I shook my head. "He keeps those in his office. Do you think this is what Moss was worked up about?"
“Probably.” He pulled out a pen and handed it to me. "Here, I'll keep watch from outside."
I gripped the pen. "What's this for?"
As I felt the weight of aluminum in my hand, I noticed the pen point. I clicked the button, which turned on a flashlight. Now, I realized Nate had handed me a tactical pen.
Someone must have stepped up their gadgets, I thought. I set my bag down and entered the shed; its interior illuminated by the glow of the flashlight.
As I searched the room, I saw nothing but tissue boxes, notebooks, and a few old ledgers strewn across the floor. If there was anything valuable in here, which I doubted, it was gone now.
"Marcus," Nate whispered. "We've got to get a move on. Security's coming."
Exiting the booth, I saw Nate already had my bag over his shoulder. A hundred yards away, two security guards ran towards us, closing the distance too quick for my comfort.
Together, we jogged toward the parking lot.

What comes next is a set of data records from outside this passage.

(* Let $\mathbf n\ge 2$ and let $A,B,C\cong\mathbb C^{\mathbf n^2}$ have bases $\{x^i_j\},\{y^j_k\},\{z^k_i\}$ ($1\le i,j,k\le\mathbf n$). Let $M_{\langle\mathbf n\rangle}=\sum_{i,j,k=1}^{\mathbf n}x^i_j\otimes y^j_k\otimes z^k_i$ and let $$M^{red}_{\langle\mathbf n\rangle}=M_{\langle\mathbf n\rangle}-\sum_{j=1}^{\mathbf n}x^1_{\mathbf n}\otimes y^{\mathbf n}_j\otimes z^j_1.$$ Then $\underline{\mathbf R}(M_{\langle\mathbf n\rangle})\ge\underline{\mathbf R}(M^{red}_{\langle\mathbf n\rangle})+1$.
   Context: The border rank $\underline{\mathbf R}(T)$ of a tensor $T$ is the smallest $r$ such that $T$ is a limit of sums of $r$ rank one tensors $a\otimes b\otimes c$. $M_{\langle\mathbf n\rangle}$ is the $\mathbf n\times\mathbf n$ matrix multiplication tensor. *)

theory Defs
  imports Complex_Main
begin

text \<open>A tensor in A \<otimes> B \<otimes> C, where A, B, C have bases indexed by finite sets
  IA, IB, IC, is represented by its coordinate function; only values on
  IA \<times> IB \<times> IC are meaningful.\<close>

definition basis_vec :: "'a \<Rightarrow> 'a \<Rightarrow> complex" where
  "basis_vec p = (\<lambda>q. if q = p then 1 else 0)"

definition rank_one :: "('a \<Rightarrow> complex) \<Rightarrow> ('b \<Rightarrow> complex) \<Rightarrow> ('c \<Rightarrow> complex)
    \<Rightarrow> 'a \<Rightarrow> 'b \<Rightarrow> 'c \<Rightarrow> complex" where
  "rank_one a b c = (\<lambda>x y z. a x * b y * c z)"

text \<open>T is a limit (coordinatewise, equivalently in the Euclidean topology of the
  finite-dimensional tensor space) of sums of r rank one tensors.\<close>
definition border_rank_le :: "'a set \<Rightarrow> 'b set \<Rightarrow> 'c set \<Rightarrow> ('a \<Rightarrow> 'b \<Rightarrow> 'c \<Rightarrow> complex) \<Rightarrow> nat \<Rightarrow> bool" where
  "border_rank_le IA IB IC T r \<longleftrightarrow>
     (\<exists>a b c. \<forall>x\<in>IA. \<forall>y\<in>IB. \<forall>z\<in>IC.
        (\<lambda>m::nat. \<Sum>l<r. rank_one (a m l) (b m l) (c m l) x y z) \<longlonglongrightarrow> T x y z)"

Security shouted at us to come back. But we ignored them, hoping they didn't catch a glimpse of us. No way I wanted to answer for a crime I didn't commit.
Our feet hit the parking lot, where I spotted Nate’s Jeep. Janice stood in the front seat, her arms flailing as we ran faster to reach her. “Hurry up, you two!” She shouted.
I hopped in the back of the Jeep, while Nate keyed the ignition. He peeled out of the parking lot before Janice or I could even buckle-up.